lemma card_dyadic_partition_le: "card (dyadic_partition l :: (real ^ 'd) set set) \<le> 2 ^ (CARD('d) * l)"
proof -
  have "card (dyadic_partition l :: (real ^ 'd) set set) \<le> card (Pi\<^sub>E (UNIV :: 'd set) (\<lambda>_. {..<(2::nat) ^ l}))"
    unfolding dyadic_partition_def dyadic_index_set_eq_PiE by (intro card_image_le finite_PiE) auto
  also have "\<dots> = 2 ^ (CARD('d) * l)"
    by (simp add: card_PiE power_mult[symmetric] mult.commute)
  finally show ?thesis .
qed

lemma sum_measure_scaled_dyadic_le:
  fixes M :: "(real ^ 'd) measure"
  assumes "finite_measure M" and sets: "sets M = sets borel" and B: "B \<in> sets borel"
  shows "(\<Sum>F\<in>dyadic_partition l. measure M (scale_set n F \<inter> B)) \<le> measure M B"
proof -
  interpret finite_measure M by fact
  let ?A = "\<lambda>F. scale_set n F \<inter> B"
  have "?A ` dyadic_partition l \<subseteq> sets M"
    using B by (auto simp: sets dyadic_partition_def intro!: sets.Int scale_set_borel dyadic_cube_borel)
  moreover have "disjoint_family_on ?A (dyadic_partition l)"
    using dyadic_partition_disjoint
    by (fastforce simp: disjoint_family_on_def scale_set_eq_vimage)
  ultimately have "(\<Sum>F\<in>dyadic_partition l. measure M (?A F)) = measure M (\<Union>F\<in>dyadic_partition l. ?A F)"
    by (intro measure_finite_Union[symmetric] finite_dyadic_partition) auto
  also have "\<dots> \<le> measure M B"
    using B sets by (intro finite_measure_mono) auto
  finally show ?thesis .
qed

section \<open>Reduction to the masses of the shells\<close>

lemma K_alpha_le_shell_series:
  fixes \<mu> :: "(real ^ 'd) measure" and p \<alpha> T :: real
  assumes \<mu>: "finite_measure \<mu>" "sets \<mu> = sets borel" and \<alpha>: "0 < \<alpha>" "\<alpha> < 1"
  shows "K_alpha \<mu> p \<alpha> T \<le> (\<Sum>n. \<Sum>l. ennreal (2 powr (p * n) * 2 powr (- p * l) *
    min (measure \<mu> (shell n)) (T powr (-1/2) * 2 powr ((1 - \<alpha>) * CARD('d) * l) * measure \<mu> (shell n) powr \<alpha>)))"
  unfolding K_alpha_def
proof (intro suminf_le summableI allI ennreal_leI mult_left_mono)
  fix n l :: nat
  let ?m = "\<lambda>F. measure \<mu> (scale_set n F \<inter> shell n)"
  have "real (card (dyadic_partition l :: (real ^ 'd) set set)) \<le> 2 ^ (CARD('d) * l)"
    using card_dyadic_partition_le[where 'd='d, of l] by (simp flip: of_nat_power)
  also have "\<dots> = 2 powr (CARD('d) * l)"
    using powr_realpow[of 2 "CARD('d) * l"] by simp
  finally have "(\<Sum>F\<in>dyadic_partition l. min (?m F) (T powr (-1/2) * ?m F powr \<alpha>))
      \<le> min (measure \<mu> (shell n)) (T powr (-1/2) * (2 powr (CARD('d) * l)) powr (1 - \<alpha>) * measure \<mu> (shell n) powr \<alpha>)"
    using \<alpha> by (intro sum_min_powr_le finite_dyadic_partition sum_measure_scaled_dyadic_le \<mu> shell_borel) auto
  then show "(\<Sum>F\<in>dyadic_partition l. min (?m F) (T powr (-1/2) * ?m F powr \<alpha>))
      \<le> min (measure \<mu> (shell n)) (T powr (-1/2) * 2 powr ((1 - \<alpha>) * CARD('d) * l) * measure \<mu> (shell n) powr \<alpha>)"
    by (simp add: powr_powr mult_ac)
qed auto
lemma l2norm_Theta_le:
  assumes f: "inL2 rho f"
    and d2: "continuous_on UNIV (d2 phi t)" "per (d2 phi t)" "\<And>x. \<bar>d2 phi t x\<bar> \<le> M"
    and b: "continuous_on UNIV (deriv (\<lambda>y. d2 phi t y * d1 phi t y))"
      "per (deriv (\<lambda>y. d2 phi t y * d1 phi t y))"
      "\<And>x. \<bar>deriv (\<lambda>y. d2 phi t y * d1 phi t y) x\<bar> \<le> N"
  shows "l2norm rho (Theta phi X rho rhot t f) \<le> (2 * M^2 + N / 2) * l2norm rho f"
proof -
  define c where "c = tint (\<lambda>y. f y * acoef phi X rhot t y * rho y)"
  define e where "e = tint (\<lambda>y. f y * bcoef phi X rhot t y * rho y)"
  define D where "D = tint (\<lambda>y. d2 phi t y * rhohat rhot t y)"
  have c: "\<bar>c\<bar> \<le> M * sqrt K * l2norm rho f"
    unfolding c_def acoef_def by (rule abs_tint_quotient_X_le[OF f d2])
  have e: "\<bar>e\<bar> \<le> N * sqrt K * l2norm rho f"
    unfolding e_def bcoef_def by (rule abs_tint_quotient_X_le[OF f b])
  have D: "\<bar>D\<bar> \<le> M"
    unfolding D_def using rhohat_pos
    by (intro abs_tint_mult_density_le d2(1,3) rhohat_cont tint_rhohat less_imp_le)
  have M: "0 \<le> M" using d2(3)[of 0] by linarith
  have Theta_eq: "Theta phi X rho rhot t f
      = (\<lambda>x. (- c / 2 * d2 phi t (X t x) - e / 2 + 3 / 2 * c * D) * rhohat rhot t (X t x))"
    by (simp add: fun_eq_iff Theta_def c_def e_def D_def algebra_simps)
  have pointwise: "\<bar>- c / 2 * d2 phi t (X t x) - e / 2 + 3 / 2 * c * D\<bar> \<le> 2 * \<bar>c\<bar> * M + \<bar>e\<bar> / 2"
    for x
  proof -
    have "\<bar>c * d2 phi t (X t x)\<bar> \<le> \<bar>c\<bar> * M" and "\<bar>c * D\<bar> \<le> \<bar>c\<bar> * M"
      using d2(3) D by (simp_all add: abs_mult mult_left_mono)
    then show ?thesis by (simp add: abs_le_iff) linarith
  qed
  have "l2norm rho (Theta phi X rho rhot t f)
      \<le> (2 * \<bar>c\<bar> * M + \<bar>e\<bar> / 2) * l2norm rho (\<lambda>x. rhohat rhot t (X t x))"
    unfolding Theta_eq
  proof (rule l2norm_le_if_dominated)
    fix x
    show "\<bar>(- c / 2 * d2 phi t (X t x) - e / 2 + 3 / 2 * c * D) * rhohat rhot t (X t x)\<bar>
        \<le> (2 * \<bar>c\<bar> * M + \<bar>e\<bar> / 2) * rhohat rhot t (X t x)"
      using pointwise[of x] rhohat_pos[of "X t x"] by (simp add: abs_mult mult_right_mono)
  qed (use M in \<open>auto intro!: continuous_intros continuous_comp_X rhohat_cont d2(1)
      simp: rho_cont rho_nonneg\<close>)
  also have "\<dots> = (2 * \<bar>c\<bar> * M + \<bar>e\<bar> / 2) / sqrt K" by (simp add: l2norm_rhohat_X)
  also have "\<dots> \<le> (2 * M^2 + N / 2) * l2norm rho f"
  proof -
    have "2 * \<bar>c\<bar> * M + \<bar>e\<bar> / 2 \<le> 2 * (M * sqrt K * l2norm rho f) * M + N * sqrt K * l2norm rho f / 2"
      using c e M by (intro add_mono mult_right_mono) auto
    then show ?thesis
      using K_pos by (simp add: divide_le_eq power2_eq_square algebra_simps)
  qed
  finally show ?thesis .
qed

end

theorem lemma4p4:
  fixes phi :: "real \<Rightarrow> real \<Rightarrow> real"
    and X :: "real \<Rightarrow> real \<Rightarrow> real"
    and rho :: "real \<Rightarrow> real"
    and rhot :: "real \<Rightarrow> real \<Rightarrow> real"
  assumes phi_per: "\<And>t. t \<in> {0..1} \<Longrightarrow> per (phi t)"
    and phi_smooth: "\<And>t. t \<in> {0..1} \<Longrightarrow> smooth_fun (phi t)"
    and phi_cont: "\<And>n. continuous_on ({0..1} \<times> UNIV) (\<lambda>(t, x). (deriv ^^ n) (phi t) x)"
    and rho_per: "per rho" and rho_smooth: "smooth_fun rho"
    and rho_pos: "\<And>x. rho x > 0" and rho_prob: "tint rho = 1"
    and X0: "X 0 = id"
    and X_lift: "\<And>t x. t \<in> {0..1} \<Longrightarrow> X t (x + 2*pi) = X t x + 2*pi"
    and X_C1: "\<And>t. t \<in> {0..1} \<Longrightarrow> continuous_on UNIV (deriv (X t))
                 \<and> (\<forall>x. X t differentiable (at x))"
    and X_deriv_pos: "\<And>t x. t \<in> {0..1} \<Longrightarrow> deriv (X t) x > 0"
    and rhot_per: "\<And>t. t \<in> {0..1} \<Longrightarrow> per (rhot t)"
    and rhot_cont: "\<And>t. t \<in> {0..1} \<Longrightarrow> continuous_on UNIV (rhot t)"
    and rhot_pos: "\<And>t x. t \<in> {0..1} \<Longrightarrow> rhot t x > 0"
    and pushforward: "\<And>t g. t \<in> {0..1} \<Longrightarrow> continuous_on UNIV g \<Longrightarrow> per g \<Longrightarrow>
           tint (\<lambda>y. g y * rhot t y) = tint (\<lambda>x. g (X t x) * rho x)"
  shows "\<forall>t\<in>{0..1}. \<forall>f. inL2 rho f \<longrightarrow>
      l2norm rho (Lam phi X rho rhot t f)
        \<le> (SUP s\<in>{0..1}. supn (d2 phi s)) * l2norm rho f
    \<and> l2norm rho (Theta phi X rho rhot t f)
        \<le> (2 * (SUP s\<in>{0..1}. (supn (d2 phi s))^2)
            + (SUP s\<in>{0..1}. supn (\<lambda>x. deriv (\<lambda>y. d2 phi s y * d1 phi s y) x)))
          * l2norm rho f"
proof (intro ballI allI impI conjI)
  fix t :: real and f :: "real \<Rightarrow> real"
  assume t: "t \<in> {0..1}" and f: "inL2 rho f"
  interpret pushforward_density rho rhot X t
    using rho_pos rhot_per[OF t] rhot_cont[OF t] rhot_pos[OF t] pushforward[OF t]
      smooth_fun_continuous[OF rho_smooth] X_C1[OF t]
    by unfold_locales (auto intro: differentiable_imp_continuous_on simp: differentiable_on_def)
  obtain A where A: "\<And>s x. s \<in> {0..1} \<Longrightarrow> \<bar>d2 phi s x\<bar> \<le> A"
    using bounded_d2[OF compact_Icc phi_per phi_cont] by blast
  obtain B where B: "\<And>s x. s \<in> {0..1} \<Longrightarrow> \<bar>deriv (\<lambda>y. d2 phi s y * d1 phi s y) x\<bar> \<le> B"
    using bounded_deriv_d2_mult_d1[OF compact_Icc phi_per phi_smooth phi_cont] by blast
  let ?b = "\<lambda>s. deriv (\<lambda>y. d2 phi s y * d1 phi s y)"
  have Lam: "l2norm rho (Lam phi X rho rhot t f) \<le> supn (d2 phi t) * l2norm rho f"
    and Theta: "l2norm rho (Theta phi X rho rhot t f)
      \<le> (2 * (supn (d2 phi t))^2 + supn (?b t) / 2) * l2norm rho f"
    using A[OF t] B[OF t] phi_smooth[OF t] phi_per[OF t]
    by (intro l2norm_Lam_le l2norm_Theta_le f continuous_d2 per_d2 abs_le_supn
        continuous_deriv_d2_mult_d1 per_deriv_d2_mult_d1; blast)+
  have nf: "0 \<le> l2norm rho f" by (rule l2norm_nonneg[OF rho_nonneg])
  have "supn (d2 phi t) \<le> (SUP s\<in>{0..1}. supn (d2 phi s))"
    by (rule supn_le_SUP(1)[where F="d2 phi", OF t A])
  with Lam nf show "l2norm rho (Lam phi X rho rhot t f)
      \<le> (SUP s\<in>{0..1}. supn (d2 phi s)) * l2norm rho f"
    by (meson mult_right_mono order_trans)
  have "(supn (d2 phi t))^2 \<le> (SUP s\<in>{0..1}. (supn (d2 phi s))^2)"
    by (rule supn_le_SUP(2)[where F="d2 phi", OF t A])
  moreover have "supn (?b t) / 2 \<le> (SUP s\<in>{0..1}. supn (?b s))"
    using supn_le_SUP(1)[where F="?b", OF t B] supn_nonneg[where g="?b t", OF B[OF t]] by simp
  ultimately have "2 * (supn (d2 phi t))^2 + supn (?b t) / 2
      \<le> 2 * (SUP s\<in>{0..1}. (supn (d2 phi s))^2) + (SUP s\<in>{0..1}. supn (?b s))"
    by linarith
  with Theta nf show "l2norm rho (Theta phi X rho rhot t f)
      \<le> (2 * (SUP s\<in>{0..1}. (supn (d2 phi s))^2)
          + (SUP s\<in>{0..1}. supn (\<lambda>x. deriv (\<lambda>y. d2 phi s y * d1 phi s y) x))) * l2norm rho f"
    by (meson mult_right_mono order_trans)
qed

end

## Task details
Each line above from the one with "powr (- p * l) *" up to and including the one with "unfolding e_def bcoef_def" must be set down exactly, and no line outside that span may appear.

## Solution to this problem
  shows "K_alpha \<mu> p \<alpha> T \<le> (\<Sum>n. \<Sum>l. ennreal (2 powr (p * n) * 2 powr (- p * l) *
    min (measure \<mu> (shell n)) (T powr (-1/2) * 2 powr ((1 - \<alpha>) * CARD('d) * l) * measure \<mu> (shell n) powr \<alpha>)))"
  unfolding K_alpha_def
proof (intro suminf_le summableI allI ennreal_leI mult_left_mono)
  fix n l :: nat
  let ?m = "\<lambda>F. measure \<mu> (scale_set n F \<inter> shell n)"
  have "real (card (dyadic_partition l :: (real ^ 'd) set set)) \<le> 2 ^ (CARD('d) * l)"
    using card_dyadic_partition_le[where 'd='d, of l] by (simp flip: of_nat_power)
  also have "\<dots> = 2 powr (CARD('d) * l)"
    using powr_realpow[of 2 "CARD('d) * l"] by simp
  finally have "(\<Sum>F\<in>dyadic_partition l. min (?m F) (T powr (-1/2) * ?m F powr \<alpha>))
      \<le> min (measure \<mu> (shell n)) (T powr (-1/2) * (2 powr (CARD('d) * l)) powr (1 - \<alpha>) * measure \<mu> (shell n) powr \<alpha>)"
    using \<alpha> by (intro sum_min_powr_le finite_dyadic_partition sum_measure_scaled_dyadic_le \<mu> shell_borel) auto
  then show "(\<Sum>F\<in>dyadic_partition l. min (?m F) (T powr (-1/2) * ?m F powr \<alpha>))
      \<le> min (measure \<mu> (shell n)) (T powr (-1/2) * 2 powr ((1 - \<alpha>) * CARD('d) * l) * measure \<mu> (shell n) powr \<alpha>)"
    by (simp add: powr_powr mult_ac)
qed auto
lemma l2norm_Theta_le:
  assumes f: "inL2 rho f"
    and d2: "continuous_on UNIV (d2 phi t)" "per (d2 phi t)" "\<And>x. \<bar>d2 phi t x\<bar> \<le> M"
    and b: "continuous_on UNIV (deriv (\<lambda>y. d2 phi t y * d1 phi t y))"
      "per (deriv (\<lambda>y. d2 phi t y * d1 phi t y))"
      "\<And>x. \<bar>deriv (\<lambda>y. d2 phi t y * d1 phi t y) x\<bar> \<le> N"
  shows "l2norm rho (Theta phi X rho rhot t f) \<le> (2 * M^2 + N / 2) * l2norm rho f"
proof -
  define c where "c = tint (\<lambda>y. f y * acoef phi X rhot t y * rho y)"
  define e where "e = tint (\<lambda>y. f y * bcoef phi X rhot t y * rho y)"
  define D where "D = tint (\<lambda>y. d2 phi t y * rhohat rhot t y)"
  have c: "\<bar>c\<bar> \<le> M * sqrt K * l2norm rho f"
    unfolding c_def acoef_def by (rule abs_tint_quotient_X_le[OF f d2])
  have e: "\<bar>e\<bar> \<le> N * sqrt K * l2norm rho f"
    unfolding e_def bcoef_def by (rule abs_tint_quotient_X_le[OF f b])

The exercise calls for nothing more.